**WHAT NEEDS TO BE DONE:** Examine the material below. Gather every line in which the string "symmetric" appears.

--- START ---

lemma linepath_primitive_power_series:
  fixes F :: "complex fps" and \<phi> :: "complex \<Rightarrow> complex"
  assumes radius: "fps_conv_radius F \<ge> 1" and \<phi>: "\<And>t. t \<in> ball 0 1 \<Longrightarrow> eval_fps F t = \<phi> t"
    and z: "z \<in> ball 0 1"
  shows "(\<lambda>k. fps_integral0 F $ k * z ^ k) sums contour_integral (linepath 0 z) \<phi>"
    and "deriv (\<lambda>z. contour_integral (linepath 0 z) \<phi>) z = \<phi> z"
proof -
  define G where "G = fps_integral0 F"
  have G': "fps_deriv G = F" by (simp add: G_def fps_deriv_fps_integral)
  have in_radius: "ereal (norm w) < fps_conv_radius H" if "w \<in> ball 0 1" "fps_conv_radius H \<ge> 1"
    for w and H :: "complex fps"
    using that by (intro less_le_trans[OF _ that(2)]) auto
  have radius_G: "fps_conv_radius G \<ge> 1"
    using fps_conv_radius_deriv_le[of G] radius by (simp add: G')
  have prim: "contour_integral (linepath 0 w) \<phi> = eval_fps G w" if w: "w \<in> ball 0 1" for w
  proof -
    have "(eval_fps G has_field_derivative \<phi> u) (at u within ball 0 1)" if "u \<in> ball 0 1" for u
      using has_field_derivative_eval_fps[OF in_radius[OF that radius_G]] \<phi>[OF that] by (simp add: G')
    moreover have "path_image (linepath 0 w) \<subseteq> ball 0 1"
      unfolding path_image_linepath using w by (intro closed_segment_subset) auto
    ultimately have "(\<phi> has_contour_integral eval_fps G (pathfinish (linepath 0 w))
        - eval_fps G (pathstart (linepath 0 w))) (linepath 0 w)"
      by (intro contour_integral_primitive valid_path_linepath)
    thus ?thesis by (simp add: contour_integral_unique eval_fps_at_0 G_def)
  qed
  show "(\<lambda>k. fps_integral0 F $ k * z ^ k) sums contour_integral (linepath 0 z) \<phi>"
    using sums_eval_fps[OF in_radius[OF z radius_G]] by (simp add: prim[OF z] G_def)
  have "(eval_fps G has_field_derivative eval_fps F z) (at z)"
    using has_field_derivative_eval_fps[OF in_radius[OF z radius_G]] by (simp add: G')
  hence "((\<lambda>z. contour_integral (linepath 0 z) \<phi>) has_field_derivative eval_fps F z) (at z)"
    by (rule has_field_derivative_transform_within_open[of _ _ _ "ball 0 1"]) (use z prim in auto)
  thus "deriv (\<lambda>z. contour_integral (linepath 0 z) \<phi>) z = \<phi> z"
    using \<phi>[OF z] by (simp add: DERIV_imp_deriv)
qed

lemma binomial_series_sums:
  fixes c w :: complex
  assumes "norm w < 1"
  shows "(\<lambda>k. pochhammer c k / fact k * w ^ k) sums (1 / (1 - w) powr c)"
proof -
  have "(\<lambda>k. (- c gchoose k) * (- w) ^ k) sums (1 + - w) powr (- c)"
    using assms by (intro gen_binomial_complex) simp
  moreover have "(- c gchoose k) * (- w) ^ k = pochhammer c k / fact k * w ^ k" for k
  proof -
    have "(-1 :: complex) ^ k * (-1) ^ k = 1" by (simp flip: power_mult_distrib)
    thus ?thesis by (simp add: gbinomial_pochhammer power_minus[of w] field_simps)
  qed
  ultimately show ?thesis by (simp add: powr_minus divide_inverse)
qed

lemma Re_divide_one_minus_gt:
  fixes u :: complex
  assumes "norm u < 1"
  shows "Re (u / (1 - u)) > - 1 / 2"
proof -
  define x y where "x = Re u" and "y = Im u"
  have "norm u ^ 2 < 1"
    using assms by (simp add: power_less_one_iff)
  hence xy: "x ^ 2 + y ^ 2 < 1"
    unfolding x_def y_def by (simp add: cmod_power2)
  hence "x ^ 2 < 1" using zero_le_power2[of y] by linarith
  hence "\<bar>x\<bar> < 1" by (simp only: abs_square_less_1)
  hence "x < 1" by simp
  hence den: "(1 - x) ^ 2 + y ^ 2 > 0" by (simp add: add_pos_nonneg)
  have "Re (u / (1 - u)) = (x * (1 - x) - y * y) / ((1 - x) ^ 2 + y ^ 2)"
    by (simp add: Re_divide x_def y_def)
  moreover have "x * (1 - x) - y * y > - 1 / 2 * ((1 - x) ^ 2 + y ^ 2)"
    using xy by (simp add: power2_eq_square algebra_simps)
  ultimately show ?thesis using den by (simp add: less_divide_eq)
qed

definition ext_deriv_fps :: "real \<Rightarrow> complex \<Rightarrow> complex fps" where
  "ext_deriv_fps \<alpha> \<delta> = Abs_fps (\<lambda>k. pochhammer (complex_of_real (2 - 2 * \<alpha>)) k / fact k * \<delta> ^ k)"

lemma ext_deriv_fps_sums:
  assumes "cmod \<delta> = 1" "z \<in> ball 0 1"
  shows "(\<lambda>k. ext_deriv_fps \<alpha> \<delta> $ k * z ^ k) sums (1 / (1 - \<delta> * z) powr complex_of_real (2 - 2 * \<alpha>))"
  using binomial_series_sums[of "\<delta> * z"] assms
  by (simp add: ext_deriv_fps_def norm_mult power_mult_distrib mult.assoc)

lemma ext_deriv_fps_conv_radius_eval:
  assumes \<delta>: "cmod \<delta> = 1"
  shows "fps_conv_radius (ext_deriv_fps \<alpha> \<delta>) \<ge> 1"
    and "\<And>t. t \<in> ball 0 1 \<Longrightarrow>
           eval_fps (ext_deriv_fps \<alpha> \<delta>) t = 1 / (1 - \<delta> * t) powr complex_of_real (2 - 2 * \<alpha>)"
proof -
  have "\<forall>t\<in>ball 0 1. (\<lambda>k. ext_deriv_fps \<alpha> \<delta> $ k * t ^ k)
          sums (1 / (1 - \<delta> * t) powr complex_of_real (2 - 2 * \<alpha>))"
    using ext_deriv_fps_sums[OF \<delta>] by blast
  from unit_disc_power_series(1,2)[OF this]
  show "fps_conv_radius (ext_deriv_fps \<alpha> \<delta>) \<ge> 1"
    and "\<And>t. t \<in> ball 0 1 \<Longrightarrow>
           eval_fps (ext_deriv_fps \<alpha> \<delta>) t = 1 / (1 - \<delta> * t) powr complex_of_real (2 - 2 * \<alpha>)"
    by (simp_all add: fps_nth_inverse)
qed

lemma norm_ext_deriv_fps_nth:
  assumes "\<alpha> < 1" "cmod \<delta> = 1"
  shows "cmod (ext_deriv_fps \<alpha> \<delta> $ k) = pochhammer (2 - 2 * \<alpha>) k / fact k"
proof -
  have "pochhammer (2 - 2 * \<alpha>) k > 0" using assms by (intro pochhammer_pos) simp
  thus ?thesis
    using assms by (simp add: ext_deriv_fps_def norm_mult norm_divide norm_power pochhammer_of_real
                              flip: of_real_diff of_real_mult)
qed

lemma ext_deriv_fps_ode:
  "(1 - fps_const \<delta> * fps_X) * fps_deriv (ext_deriv_fps \<alpha> \<delta>)
     = fps_const (complex_of_real (2 - 2 * \<alpha>) * \<delta>) * ext_deriv_fps \<alpha> \<delta>"
proof (rule fps_ext)
  fix k
  define c where "c = complex_of_real (2 - 2 * \<alpha>)"
  define p where "p = (\<lambda>k. pochhammer c k / fact k * \<delta> ^ k)"
  have p_Suc: "of_nat (Suc k) * p (Suc k) = (c + of_nat k) * \<delta> * p k"
    by (simp add: p_def pochhammer_Suc field_simps del: of_nat_Suc)
  have "((1 - fps_const \<delta> * fps_X) * fps_deriv (Abs_fps p)) $ k
      = of_nat (Suc k) * p (Suc k) - \<delta> * of_nat k * p k"
    by (cases k) (simp_all add: algebra_simps del: of_nat_Suc)
  also have "\<dots> = c * \<delta> * p k" unfolding p_Suc by (simp add: algebra_simps)
  finally show "((1 - fps_const \<delta> * fps_X) * fps_deriv (ext_deriv_fps \<alpha> \<delta>)) $ k
      = (fps_const (complex_of_real (2 - 2 * \<alpha>) * \<delta>) * ext_deriv_fps \<alpha> \<delta>) $ k"
    by (simp add: ext_deriv_fps_def c_def p_def)
qed

lemma ext_h_series:
  assumes \<delta>: "cmod \<delta> = 1" and z: "z \<in> ball 0 1"
  shows "(\<lambda>k. fps_integral0 (ext_deriv_fps \<alpha> \<delta>) $ k * z ^ k) sums ext_h \<alpha> \<delta> z"
    and "deriv (ext_h \<alpha> \<delta>) z = eval_fps (ext_deriv_fps \<alpha> \<delta>) z"
    and "deriv (deriv (ext_h \<alpha> \<delta>)) z = eval_fps (fps_deriv (ext_deriv_fps \<alpha> \<delta>)) z"
proof -
  define P where "P = ext_deriv_fps \<alpha> \<delta>"
  define \<phi> where "\<phi> = (\<lambda>t. 1 / ((1 - \<delta> * t) powr complex_of_real (2 - 2 * \<alpha>)))"
  have radius: "fps_conv_radius P \<ge> 1" and eval: "\<And>t. t \<in> ball 0 1 \<Longrightarrow> eval_fps P t = \<phi> t"
    using ext_deriv_fps_conv_radius_eval[OF \<delta>] by (simp_all add: P_def \<phi>_def)
  have ext_h_eq: "ext_h \<alpha> \<delta> = (\<lambda>z. contour_integral (linepath 0 z) \<phi>)"
    by (simp add: ext_h_def \<phi>_def fun_eq_iff)
  show "(\<lambda>k. fps_integral0 (ext_deriv_fps \<alpha> \<delta>) $ k * z ^ k) sums ext_h \<alpha> \<delta> z"
    using linepath_primitive_power_series(1)[OF radius eval z] by (simp add: ext_h_eq P_def)
  have deriv_eq: "deriv (ext_h \<alpha> \<delta>) w = eval_fps P w" if "w \<in> ball 0 1" for w
    using linepath_primitive_power_series(2)[OF radius eval that] eval[OF that] by (simp add: ext_h_eq)
  thus "deriv (ext_h \<alpha> \<delta>) z = eval_fps (ext_deriv_fps \<alpha> \<delta>) z"
    using z by (simp add: P_def)
  have "deriv (deriv (ext_h \<alpha> \<delta>)) z = deriv (eval_fps P) z"
    by (intro deriv_cong_ev eventually_mono[OF eventually_nhds_in_open[of "ball 0 1"]])
       (use z deriv_eq in auto)
  also have "\<dots> = eval_fps (fps_deriv P) z"
    using z radius by (intro eval_fps_deriv[symmetric] less_le_trans[OF _ radius]) auto
  finally show "deriv (deriv (ext_h \<alpha> \<delta>)) z = eval_fps (fps_deriv (ext_deriv_fps \<alpha> \<delta>)) z"
    by (simp add: P_def)
qed

lemma ext_h_convex_of_order:
  assumes \<alpha>: "\<alpha> < 1" and \<delta>: "cmod \<delta> = 1" and z: "z \<in> ball 0 1"
  shows "deriv (ext_h \<alpha> \<delta>) z \<noteq> 0"
    and "Re (1 + z * deriv (deriv (ext_h \<alpha> \<delta>)) z / deriv (ext_h \<alpha> \<delta>) z) > \<alpha>"
proof -
  define P where "P = ext_deriv_fps \<alpha> \<delta>"
  define c where "c = 2 - 2 * \<alpha>"
  have u: "cmod (\<delta> * z) < 1" using \<delta> z by (simp add: norm_mult)
  hence nz: "1 - \<delta> * z \<noteq> 0" by auto
  have radius: "fps_conv_radius P \<ge> 1"
    using ext_deriv_fps_conv_radius_eval(1)[OF \<delta>] by (simp add: P_def)
  have "eval_fps P z = 1 / (1 - \<delta> * z) powr complex_of_real c"
    using ext_deriv_fps_conv_radius_eval(2)[OF \<delta> z] by (simp add: P_def c_def)
  hence P_nz: "eval_fps P z \<noteq> 0" using nz by (simp add: powr_def)
  thus "deriv (ext_h \<alpha> \<delta>) z \<noteq> 0" by (simp add: ext_h_series(2)[OF \<delta> z] P_def)
  have in_radius: "ereal (norm z) < fps_conv_radius H" if "fps_conv_radius H \<ge> 1" for H :: "complex fps"
    using z by (intro less_le_trans[OF _ that]) auto
  have "\<delta> \<noteq> 0" using \<delta> by auto
  hence "fps_conv_radius (1 - fps_const \<delta> * fps_X :: complex fps) \<ge> 1"
    using fps_conv_radius_diff[of 1 "fps_const \<delta> * fps_X"] by (simp add: fps_conv_radius_cmult_left)
  hence "(1 - \<delta> * z) * eval_fps (fps_deriv P) z
      = eval_fps ((1 - fps_const \<delta> * fps_X) * fps_deriv P) z"
    using in_radius order.trans[OF radius fps_conv_radius_deriv] \<open>\<delta> \<noteq> 0\<close>
    by (simp add: eval_fps_mult eval_fps_diff fps_conv_radius_cmult_left)
  also have "\<dots> = complex_of_real c * \<delta> * eval_fps P z"
    using in_radius[OF radius] by (simp add: P_def ext_deriv_fps_ode c_def eval_fps_mult)
  finally have P'_eq: "eval_fps (fps_deriv P) z = complex_of_real c * \<delta> * eval_fps P z / (1 - \<delta> * z)"
    using nz by (simp add: eq_divide_eq mult.commute)
  define w where "w = \<delta> * z / (1 - \<delta> * z)"
  have "z * deriv (deriv (ext_h \<alpha> \<delta>)) z / deriv (ext_h \<alpha> \<delta>) z = complex_of_real c * w"
    unfolding ext_h_series(2,3)[OF \<delta> z] P_def[symmetric] P'_eq w_def using P_nz by simp
  hence "Re (1 + z * deriv (deriv (ext_h \<alpha> \<delta>)) z / deriv (ext_h \<alpha> \<delta>) z) = 1 + c * Re w"
    by simp
  also have "\<dots> > 1 - c / 2"
    using mult_strict_left_mono[OF Re_divide_one_minus_gt[OF u], of c] \<alpha> by (simp add: c_def w_def)
  also have "1 - c / 2 = \<alpha>" by (simp add: c_def field_simps)
  finally show "Re (1 + z * deriv (deriv (ext_h \<alpha> \<delta>)) z / deriv (ext_h \<alpha> \<delta>) z) > \<alpha>" .
qed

--- END ---

**RESPONSE:**
    using z radius by (intro eval_fps_deriv[symmetric] less_le_trans[OF _ radius]) auto
    unfolding ext_h_series(2,3)[OF \<delta> z] P_def[symmetric] P'_eq w_def using P_nz by simp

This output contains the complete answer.